Saturday, 7 September 2013

Back in the jug again

School started again last Monday. I was dreading the swift transition from freedom and autonomy to the serfdom of employment, and it reminded me of Geoffrey Willans' wry comments on the return to school. The teachers and support staff came in for two days of time-wasting pep talks, the uplifting effects of which which were nullified by the news that our lunch duties, which I have hitherto used to supplement my lowly pay, are now to be unpaid - no, wait, we are to get a 'free' lunch in return. Shocked by this news, I blocked out the drone of the speakers, whose statistics on GCSE results sent the ICT teacher to sleep.
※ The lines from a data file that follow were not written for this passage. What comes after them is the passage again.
(* Let $p\in(0,1)$, let $d_p$ be the $(1-p)$-quantile of $K_{\hat\vartheta}=\sup_{x\in\mathbb{R}}|F_{\hat\vartheta}(x)-F_\vartheta(x)|$, let $B_4=\{(x,y)\in\mathbb{R}^2:|F_{\hat\vartheta}(x)-y|\le d_p\}$, and define $$C_4'=\{\tilde\vartheta\in\Theta:\ \mathrm{graph}\,F_{\tilde\vartheta}\subseteq B_4\},\quad C_4''=\{(\mu,\sigma)\in C_4':\mu\le\hat\mu\},\quad B_4'=\bigcup_{\tilde\vartheta\in C_4'}\mathrm{graph}\,F_{\tilde\vartheta},\quad B_4''=\bigcup_{\tilde\vartheta\in C_4''}\mathrm{graph}\,F_{\tilde\vartheta}.$$ Then for every $\vartheta\in\Theta$, $$P_\vartheta(\vartheta\in C_4')=P_\vartheta(\vartheta\in C_4'')=P_\vartheta(\mathrm{graph}\,F_\vartheta\subseteq B_4')=P_\vartheta(\mathrm{graph}\,F_\vartheta\subseteq B_4'')=1-p.$$
   Context: Let $1<m\le n$ be integers and $(R_1,\dots,R_m)\in\mathbb{N}_0^m$ with $\sum_{j=1}^mR_j=n-m$; set $\gamma_j=\sum_{i=j}^m(R_i+1)$. A sample of progressively type-II censored order statistics $X=(X_{1:m:n},\dots,X_{m:m:n})$ from an absolutely continuous cdf $F$ with density $f$ has joint density $\prod_{j=1}^m\gamma_jf(x_j)[1-F(x_j)]^{R_j}$ on $x_1\le\dots\le x_m$. Here $F=F_\vartheta$ belongs to the exponential location-scale family: for $\vartheta=(\mu,\sigma)\in\Theta=\mathbb{R}\times(0,\infty)$, $F_\vartheta(x)=1-\exp\{-(x-\mu)/\sigma\}$ for $x>\mu$ and $F_\vartheta(x)=0$ for $x\le\mu$; $\vartheta$ is unknown and $P_\vartheta$ denotes the underlying probability. The MLEs are $\hat\mu=X_{1:m:n}$ and $\hat\sigma=\frac1m\sum_{j=2}^m\gamma_j(X_{j:m:n}-X_{j-1:m:n})$, and $\hat\vartheta=(\hat\mu,\hat\sigma)$. The distribution of $K_{\hat\vartheta}$ is continuous and does not depend on $\vartheta$. $\mathrm{graph}\,F=\{(t,F(t)):t\in\mathbb{R}\}$. *)

theory Defs
  imports "HOL-Probability.Probability"
begin

definition expF :: "real \<times> real \<Rightarrow> real \<Rightarrow> real" where
  "expF \<theta> t = (if t > fst \<theta> then 1 - exp (- (t - fst \<theta>) / snd \<theta>) else 0)"

definition expf :: "real \<times> real \<Rightarrow> real \<Rightarrow> real" where
  "expf \<theta> t = (if t > fst \<theta> then exp (- (t - fst \<theta>) / snd \<theta>) / snd \<theta> else 0)"

definition Theta :: "(real \<times> real) set" where
  "Theta = {\<theta>. snd \<theta> > 0}"

definition graphF :: "(real \<Rightarrow> real) \<Rightarrow> (real \<times> real) set" where
  "graphF F = {(t, F t) | t. True}"

definition gam :: "nat \<Rightarrow> (nat \<Rightarrow> nat) \<Rightarrow> nat \<Rightarrow> real" where
  "gam m R j = (\<Sum>i=j..m. real (R i) + 1)"

text \<open>Samples are vectors x indexed by 1..m, x j = X_{j:m:n}.
  Joint density of progressively type-II censored order statistics.\<close>
definition pc_density :: "nat \<Rightarrow> (nat \<Rightarrow> nat) \<Rightarrow> real \<times> real \<Rightarrow> (nat \<Rightarrow> real) \<Rightarrow> real" where
  "pc_density m R \<theta> x =
     (if (\<forall>j\<in>{1..<m}. x j \<le> x (Suc j))
      then (\<Prod>j=1..m. gam m R j * expf \<theta> (x j) * (1 - expF \<theta> (x j)) ^ R j)
      else 0)"

definition P_pc :: "nat \<Rightarrow> (nat \<Rightarrow> nat) \<Rightarrow> real \<times> real \<Rightarrow> (nat \<Rightarrow> real) measure" where
  "P_pc m R \<theta> = density (PiM {1..m} (\<lambda>_. lborel)) (\<lambda>x. ennreal (pc_density m R \<theta> x))"

definition mu_hat :: "(nat \<Rightarrow> real) \<Rightarrow> real" where
  "mu_hat x = x 1"

definition sigma_hat :: "nat \<Rightarrow> (nat \<Rightarrow> nat) \<Rightarrow> (nat \<Rightarrow> real) \<Rightarrow> real" where
  "sigma_hat m R x = (1 / real m) * (\<Sum>j=2..m. gam m R j * (x j - x (j - 1)))"

definition theta_hat :: "nat \<Rightarrow> (nat \<Rightarrow> nat) \<Rightarrow> (nat \<Rightarrow> real) \<Rightarrow> real \<times> real" where
  "theta_hat m R x = (mu_hat x, sigma_hat m R x)"

definition Kstat :: "nat \<Rightarrow> (nat \<Rightarrow> nat) \<Rightarrow> real \<times> real \<Rightarrow> (nat \<Rightarrow> real) \<Rightarrow> real" where
  "Kstat m R \<theta> x = (SUP t. \<bar>expF (theta_hat m R x) t - expF \<theta> t\<bar>)"

definition d_quant :: "nat \<Rightarrow> (nat \<Rightarrow> nat) \<Rightarrow> real \<times> real \<Rightarrow> real \<Rightarrow> real" where
  "d_quant m R \<theta> p = Inf {t. measure (P_pc m R \<theta>) {x \<in> space (P_pc m R \<theta>). Kstat m R \<theta> x \<le> t} \<ge> 1 - p}"

definition B4 :: "nat \<Rightarrow> (nat \<Rightarrow> nat) \<Rightarrow> real \<Rightarrow> (nat \<Rightarrow> real) \<Rightarrow> (real \<times> real) set" where
  "B4 m R d x = {(s, y). \<bar>expF (theta_hat m R x) s - y\<bar> \<le> d}"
On Wednesday the shiny, squeaky 7s came in. They're taller than average this year. In fact, had the 11s of last year still been with us, they would have had a nasty realisation that their bully-boy behaviour was going to cut no ice with these lanky kids, up whose noses they would have to squint as they demanded their lunch-money/phone/ipod. (Not that that happens at my school, I hasten to add… since the expulsion of Fat-Fabio-who-had-unfeasibly-small-feet, we have had no student-on-student muggings).

The 7s dropped things all round school. 'Miss, I've dropped my pencil.' 'So you have! Pick it up then.' They got confused and lost. 'Everything okay?' I asked of at least five separate kids, whose sweaty brows and panicky faces gave them away. They twitched and fiddled in the effort of concentrating on the two days of talks, from the head, the deputy heads, the head of year, form tutors and eventually teachers.

I relish these early days. The headmaster reminds them that they have the opportunity to leave behind their old persona. Their primary-school self can be ditched in favour of a new, 'good' self. A clean slate, he says. It isn't that easy, of course, as any fule kno. The problems, whether at school or home, are often still present despite the move from little to big school. It takes a while for the dust to settle in a move like this. It's very easy to be kind to them. I don't know what they are really like yet. I have few clues as to which of them is spoilt beyond redemption, which neglected, or charming, confident or lonely. Most of them are sweet, eager to please, to settle in, to be liked, noticed and approved of. I'm hoping the best for all of them. The least likely can turn everything around in the course of the next five to seven years.

I am losing P, and gaining E. Also vision-impaired, there is a sharp contrast between him and my student of last year. But that's for another post.